Deep Agents: LangChain's Batteries-Included Agent Harness

How LangChain reverse-engineered the patterns behind Claude Code, Manus, and Deep Research, then shipped an open-source, vendor-agnostic framework that gives any LLM the same superpowers.

20 min read  ·  github.com/langchain-ai/deepagents (14.4k stars)

A towering architectural blueprint showing nested agent loops: a large outer loop contains smaller spinning agent loops inside, each connected by planning checklists and filesystem drawers.
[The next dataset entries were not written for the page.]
text \<open>\<open>G\<close> is circulant: its entry at \<open>(x, y)\<close> depends only on \<open>T (n - T)\<close> with
  \<open>T = (x - y) mod n\<close>. Since \<open>s\<close> is supported on the multiples of \<open>d\<close>, the entry of \<open>G s\<close>
  at position \<open>i + k d\<close> is a sum over one full period that does not depend on \<open>k\<close>; summing
  \<open>j\<close> and \<open>j\<^sup>2\<close> gives \<open>n\<^sub>i\<close>. So \<open>G s\<close> is constant on the support of \<open>s\<close>, whence
  \<open>\<Pi>\<^sup>T G s = 0\<close> and the correction term of \<open>M\<close> vanishes on \<open>s\<close>.
  The matrix \<open>I + \<Pi>\<^sup>T G \<Pi>\<close> is invertible because \<open>G\<close> is positive semidefinite on vectors of
  zero sum, which contain the range of \<open>\<Pi>\<close>: the kernel \<open>t (n - t)\<close>, \<open>t = |x - y|\<close>, is
  conditionally negative definite.\<close>

lemma sum_sum_mult_sq_diff:
  fixes u f :: "'i \<Rightarrow> real"
  shows "(\<Sum>x\<in>I. \<Sum>y\<in>I. u x * u y * (f x - f y)^2) =
     2 * (\<Sum>x\<in>I. u x) * (\<Sum>x\<in>I. u x * f x ^ 2) - 2 * (\<Sum>x\<in>I. u x * f x)^2"
proof -
  have "(\<Sum>x\<in>I. \<Sum>y\<in>I. u x * u y * (f x - f y)^2) =
     (\<Sum>x\<in>I. \<Sum>y\<in>I. (u x * f x ^ 2) * u y + u x * (u y * f y ^ 2) - 2 * ((u x * f x) * (u y * f y)))"
    by (intro sum.cong refl) (simp add: power2_eq_square algebra_simps)
  also have "\<dots> = 2 * (\<Sum>x\<in>I. u x) * (\<Sum>x\<in>I. u x * f x ^ 2) - 2 * (\<Sum>x\<in>I. u x * f x)^2"
  proof -
    have "(\<Sum>x\<in>I. \<Sum>y\<in>I. (u x * f x ^ 2) * u y) = (\<Sum>x\<in>I. u x * f x ^ 2) * (\<Sum>x\<in>I. u x)"
      by (simp add: sum_product)
    moreover have "(\<Sum>x\<in>I. \<Sum>y\<in>I. u x * (u y * f y ^ 2)) = (\<Sum>x\<in>I. u x) * (\<Sum>x\<in>I. u x * f x ^ 2)"
      by (simp add: sum_product)
    moreover have "(\<Sum>x\<in>I. \<Sum>y\<in>I. 2 * ((u x * f x) * (u y * f y))) = 2 * (\<Sum>x\<in>I. u x * f x)^2"
      by (simp add: power2_eq_square sum_product flip: sum_distrib_left)
    ultimately show ?thesis
      by (simp only: sum.distrib sum_subtractf) (simp add: algebra_simps)
  qed
  finally show ?thesis .
qed

lemma sum_sum_mult_sq_diff_of_sum_eq_0:
  fixes u f :: "'i \<Rightarrow> real"
  assumes "(\<Sum>x\<in>I. u x) = 0"
  shows "(\<Sum>x\<in>I. \<Sum>y\<in>I. u x * u y * (f x - f y)^2) = - 2 * (\<Sum>x\<in>I. u x * f x)^2"
  using sum_sum_mult_sq_diff[of u f I] assms by simp

lemma square_sum_le_card_mult_sum_squares:
  fixes f :: "'i \<Rightarrow> real"
  shows "(\<Sum>x\<in>I. f x)^2 \<le> real (card I) * (\<Sum>x\<in>I. f x ^ 2)"
proof -
  have "0 \<le> (\<Sum>x\<in>I. \<Sum>y\<in>I. 1 * 1 * (f x - f y)^2)"
    by (intro sum_nonneg) auto
  then show ?thesis
    using sum_sum_mult_sq_diff[of "\<lambda>_. 1" f I] by simp
qed

lemma abs_diff_eq_sum_sq_diff_of_bool:
  assumes "x < n" "y < n"
  shows "\<bar>real x - real y\<bar> = (\<Sum>e<n. (of_bool (x \<le> e) - of_bool (y \<le> e))^2)"
proof -
  have "(\<Sum>e<n. (of_bool (x \<le> e) - of_bool (y \<le> e) :: real)^2)
      = (\<Sum>e<n. of_bool (x \<le> e \<and> e < y) + of_bool (y \<le> e \<and> e < x))"
    by (intro sum.cong refl) auto
  also have "\<dots> = real (card {x..<y}) + real (card {y..<x})"
  proof -
    have "{..<n} \<inter> {e. x \<le> e \<and> e < y} = {x..<y}" "{..<n} \<inter> {e. y \<le> e \<and> e < x} = {y..<x}"
      using assms by auto
    then show ?thesis
      by (simp add: sum.distrib)
  qed
  also have "\<dots> = \<bar>real x - real y\<bar>"
    by (cases "x \<le> y") (auto simp: of_nat_diff)
  finally show ?thesis ..
qed

lemma real_eq_sum_of_bool_less:
  assumes "x \<le> n"
  shows "real x = (\<Sum>e<n. of_bool (e < x))"
  using assms by (simp add: Int_absorb1 flip: sum.inter_restrict lessThan_def)

lemma sum_sum_mult_abs_diff_of_sum_eq_0:
  fixes w :: "nat \<Rightarrow> real"
  assumes "(\<Sum>x<n. w x) = 0"
  shows "(\<Sum>x<n. \<Sum>y<n. w x * w y * \<bar>real x - real y\<bar>)
    = - 2 * (\<Sum>e<n. (\<Sum>x<n. w x * of_bool (x \<le> e))^2)"
proof -
  have "(\<Sum>x<n. \<Sum>y<n. w x * w y * \<bar>real x - real y\<bar>)
      = (\<Sum>x<n. \<Sum>y<n. \<Sum>e<n. w x * w y * (of_bool (x \<le> e) - of_bool (y \<le> e))^2)"
    by (intro sum.cong refl) (simp add: abs_diff_eq_sum_sq_diff_of_bool sum_distrib_left)
  also have "\<dots> = (\<Sum>x<n. \<Sum>e<n. \<Sum>y<n. w x * w y * (of_bool (x \<le> e) - of_bool (y \<le> e))^2)"
    by (intro sum.cong refl sum.swap)
  also have "\<dots> = (\<Sum>e<n. \<Sum>x<n. \<Sum>y<n. w x * w y * (of_bool (x \<le> e) - of_bool (y \<le> e))^2)"
    by (rule sum.swap)
  also have "\<dots> = (\<Sum>e<n. - 2 * (\<Sum>x<n. w x * of_bool (x \<le> e))^2)"
    using assms by (simp only: sum_sum_mult_sq_diff_of_sum_eq_0)
  finally show ?thesis
    by (simp add: sum_distrib_left)
qed

lemma sum_mult_real_of_sum_eq_0:
  fixes w :: "nat \<Rightarrow> real"
  assumes "(\<Sum>x<n. w x) = 0"
  shows "(\<Sum>x<n. w x * real x) = - (\<Sum>e<n. \<Sum>x<n. w x * of_bool (x \<le> e))"
proof -
  have "(\<Sum>x<n. w x * real x) = (\<Sum>x<n. \<Sum>e<n. w x - w x * of_bool (x \<le> e))"
  proof (intro sum.cong refl)
    fix x assume "x \<in> {..<n}"
    then have "w x * real x = (\<Sum>e<n. w x * of_bool (e < x))"
      by (subst real_eq_sum_of_bool_less[of x n]) (auto simp only: sum_distrib_left)
    also have "\<dots> = (\<Sum>e<n. w x - w x * of_bool (x \<le> e))"
      by (intro sum.cong refl) auto
    finally show "w x * real x = (\<Sum>e<n. w x - w x * of_bool (x \<le> e))" .
  qed
  also have "\<dots> = - (\<Sum>e<n. \<Sum>x<n. w x * of_bool (x \<le> e))"
    using assms by (subst sum.swap) (simp add: sum_subtractf sum_negf)
  finally show ?thesis .
qed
Tool icons orbit the structure like gears in a clock mechanism. Black ink crosshatching on pure white background.
Nested agent loops connected by planning checklists and filesystem drawers, with tool icons orbiting like clock gears.
Key Takeaways

The Problem with Shallow Agents

The dominant agent architecture is disarmingly simple: an LLM calling tools in a loop. You pass a user message in, the model decides which tool to call, the tool returns a result, and the model decides again. Repeat until done.

This works for simple tasks. Ask it to look up the weather, format a date, or query a database, and you get a clean answer in one or two turns. But try asking it to research a topic, write a report, and publish it, and the loop collapses. The agent forgets what it already tried. It burns through context re-reading the same files. It has no way to delegate a subtask without losing its own train of thought.

Harrison Chase, CEO of LangChain, calls these "shallow agents." They loop, but they do not plan. They have hands, but no memory of what those hands already touched.

"Applications like Deep Research, Manus, and Claude Code have gotten around this limitation by implementing a combination of four things: a planning tool, sub agents, access to a file system, and a detailed prompt."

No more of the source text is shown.